▸ Dataset entries:
☆ ☆ ☆ ☆ ☆ ☆ ☆

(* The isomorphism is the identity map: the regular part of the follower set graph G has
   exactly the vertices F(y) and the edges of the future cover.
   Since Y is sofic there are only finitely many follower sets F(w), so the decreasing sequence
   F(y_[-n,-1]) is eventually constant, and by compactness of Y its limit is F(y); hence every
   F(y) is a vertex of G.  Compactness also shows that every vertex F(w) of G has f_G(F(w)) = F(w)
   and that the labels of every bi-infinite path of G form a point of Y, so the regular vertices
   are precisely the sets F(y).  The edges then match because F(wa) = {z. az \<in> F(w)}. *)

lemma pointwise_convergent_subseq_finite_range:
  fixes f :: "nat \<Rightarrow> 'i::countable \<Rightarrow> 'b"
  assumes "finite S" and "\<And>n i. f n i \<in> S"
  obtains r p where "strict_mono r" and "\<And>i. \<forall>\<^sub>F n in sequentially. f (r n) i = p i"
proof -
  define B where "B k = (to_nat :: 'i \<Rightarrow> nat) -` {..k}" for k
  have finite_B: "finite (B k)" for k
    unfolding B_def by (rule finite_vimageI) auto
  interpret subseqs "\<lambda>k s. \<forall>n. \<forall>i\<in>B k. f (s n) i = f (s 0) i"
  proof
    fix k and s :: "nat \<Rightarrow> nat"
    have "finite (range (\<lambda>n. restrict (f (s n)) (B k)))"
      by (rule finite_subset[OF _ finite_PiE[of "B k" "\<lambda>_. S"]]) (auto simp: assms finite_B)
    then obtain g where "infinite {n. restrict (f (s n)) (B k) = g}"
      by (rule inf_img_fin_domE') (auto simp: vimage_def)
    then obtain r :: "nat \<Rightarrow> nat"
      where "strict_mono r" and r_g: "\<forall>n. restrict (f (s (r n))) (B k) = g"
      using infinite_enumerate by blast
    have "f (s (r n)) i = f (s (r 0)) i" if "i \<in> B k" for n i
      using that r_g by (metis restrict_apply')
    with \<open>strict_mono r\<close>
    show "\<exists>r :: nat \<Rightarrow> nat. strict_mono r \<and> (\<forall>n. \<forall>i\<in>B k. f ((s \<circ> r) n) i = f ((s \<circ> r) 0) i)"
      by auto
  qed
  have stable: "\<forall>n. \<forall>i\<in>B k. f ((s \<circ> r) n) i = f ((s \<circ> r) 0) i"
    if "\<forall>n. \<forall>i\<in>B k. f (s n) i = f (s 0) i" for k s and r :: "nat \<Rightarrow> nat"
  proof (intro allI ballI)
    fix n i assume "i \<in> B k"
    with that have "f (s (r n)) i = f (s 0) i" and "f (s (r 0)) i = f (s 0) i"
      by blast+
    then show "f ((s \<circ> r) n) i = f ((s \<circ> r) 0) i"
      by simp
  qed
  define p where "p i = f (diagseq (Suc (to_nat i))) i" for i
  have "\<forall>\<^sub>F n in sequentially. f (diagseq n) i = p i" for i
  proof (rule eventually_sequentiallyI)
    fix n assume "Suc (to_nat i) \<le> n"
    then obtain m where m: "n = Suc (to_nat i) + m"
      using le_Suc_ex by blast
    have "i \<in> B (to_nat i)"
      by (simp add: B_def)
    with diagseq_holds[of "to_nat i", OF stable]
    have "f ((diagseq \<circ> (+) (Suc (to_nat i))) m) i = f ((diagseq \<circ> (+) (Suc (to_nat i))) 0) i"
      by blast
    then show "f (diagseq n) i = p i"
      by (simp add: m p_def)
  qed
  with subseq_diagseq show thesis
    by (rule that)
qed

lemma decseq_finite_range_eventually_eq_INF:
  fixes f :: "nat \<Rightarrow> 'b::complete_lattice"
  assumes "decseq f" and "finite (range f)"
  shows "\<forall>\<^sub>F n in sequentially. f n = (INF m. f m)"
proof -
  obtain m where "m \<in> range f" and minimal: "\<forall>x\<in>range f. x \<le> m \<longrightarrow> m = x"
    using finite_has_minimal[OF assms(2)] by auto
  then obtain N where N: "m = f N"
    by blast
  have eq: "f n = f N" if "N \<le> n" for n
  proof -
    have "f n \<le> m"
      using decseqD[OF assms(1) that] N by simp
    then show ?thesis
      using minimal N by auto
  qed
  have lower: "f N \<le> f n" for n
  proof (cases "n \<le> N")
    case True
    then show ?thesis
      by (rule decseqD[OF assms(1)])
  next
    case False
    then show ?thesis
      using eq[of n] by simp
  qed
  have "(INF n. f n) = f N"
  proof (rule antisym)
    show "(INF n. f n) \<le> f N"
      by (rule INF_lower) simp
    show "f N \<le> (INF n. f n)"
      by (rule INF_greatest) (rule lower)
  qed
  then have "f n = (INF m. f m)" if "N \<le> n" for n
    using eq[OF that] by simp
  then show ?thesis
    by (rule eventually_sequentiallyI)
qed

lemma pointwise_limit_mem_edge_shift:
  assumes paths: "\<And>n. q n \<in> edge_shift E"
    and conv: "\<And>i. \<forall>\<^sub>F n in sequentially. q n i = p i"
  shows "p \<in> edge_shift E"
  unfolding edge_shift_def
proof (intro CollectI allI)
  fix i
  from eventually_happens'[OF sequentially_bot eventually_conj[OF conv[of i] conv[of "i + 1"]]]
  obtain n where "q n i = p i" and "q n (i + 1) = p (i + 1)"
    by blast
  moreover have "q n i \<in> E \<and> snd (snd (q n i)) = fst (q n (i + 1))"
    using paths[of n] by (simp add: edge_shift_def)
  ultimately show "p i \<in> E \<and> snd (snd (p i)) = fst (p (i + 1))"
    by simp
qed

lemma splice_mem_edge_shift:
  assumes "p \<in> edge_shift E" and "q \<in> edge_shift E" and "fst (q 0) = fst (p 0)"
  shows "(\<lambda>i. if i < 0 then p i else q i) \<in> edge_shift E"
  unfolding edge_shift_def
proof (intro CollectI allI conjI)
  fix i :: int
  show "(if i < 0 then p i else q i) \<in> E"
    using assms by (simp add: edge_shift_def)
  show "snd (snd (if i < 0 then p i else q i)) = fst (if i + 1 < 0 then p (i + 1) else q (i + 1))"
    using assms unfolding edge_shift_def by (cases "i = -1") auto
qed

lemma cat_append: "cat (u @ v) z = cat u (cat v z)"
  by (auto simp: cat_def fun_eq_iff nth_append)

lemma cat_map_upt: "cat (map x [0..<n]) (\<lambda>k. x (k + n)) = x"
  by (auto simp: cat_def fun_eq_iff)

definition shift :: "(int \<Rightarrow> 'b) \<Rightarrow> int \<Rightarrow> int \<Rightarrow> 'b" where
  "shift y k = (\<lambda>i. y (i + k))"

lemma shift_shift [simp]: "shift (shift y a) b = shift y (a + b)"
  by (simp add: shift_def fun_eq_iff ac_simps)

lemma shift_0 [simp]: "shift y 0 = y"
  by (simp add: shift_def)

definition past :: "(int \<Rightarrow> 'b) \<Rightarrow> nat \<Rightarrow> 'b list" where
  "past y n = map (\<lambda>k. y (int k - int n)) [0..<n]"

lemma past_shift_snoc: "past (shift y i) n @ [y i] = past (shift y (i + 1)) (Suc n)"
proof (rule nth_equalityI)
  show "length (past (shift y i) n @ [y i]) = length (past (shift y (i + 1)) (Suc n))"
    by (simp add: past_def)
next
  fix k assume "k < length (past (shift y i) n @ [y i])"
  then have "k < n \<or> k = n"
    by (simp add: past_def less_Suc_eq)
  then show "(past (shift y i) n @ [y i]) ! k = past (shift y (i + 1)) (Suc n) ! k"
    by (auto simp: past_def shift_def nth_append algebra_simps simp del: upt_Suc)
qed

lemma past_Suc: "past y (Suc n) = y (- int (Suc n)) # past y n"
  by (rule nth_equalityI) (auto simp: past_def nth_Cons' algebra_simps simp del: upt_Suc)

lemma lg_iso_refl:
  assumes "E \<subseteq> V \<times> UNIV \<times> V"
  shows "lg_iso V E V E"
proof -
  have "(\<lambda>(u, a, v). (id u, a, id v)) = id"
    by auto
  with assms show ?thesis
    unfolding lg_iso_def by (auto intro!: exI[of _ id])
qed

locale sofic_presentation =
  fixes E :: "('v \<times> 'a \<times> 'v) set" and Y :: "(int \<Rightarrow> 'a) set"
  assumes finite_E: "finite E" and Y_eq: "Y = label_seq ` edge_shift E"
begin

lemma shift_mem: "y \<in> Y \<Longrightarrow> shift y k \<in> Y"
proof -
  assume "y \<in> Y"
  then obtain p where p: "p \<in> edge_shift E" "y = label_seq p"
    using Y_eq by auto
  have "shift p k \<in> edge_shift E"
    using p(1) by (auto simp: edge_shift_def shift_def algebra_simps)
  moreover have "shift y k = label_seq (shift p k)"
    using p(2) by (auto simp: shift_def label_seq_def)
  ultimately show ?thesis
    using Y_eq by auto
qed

☆ ☆ ☆ ☆ ☆ ☆ ☆

▸ EXERCISE AIM:
Give the number of lines in the data that contain the string "else" and nothing more.

▸ EXERCISE OUTPUT:
3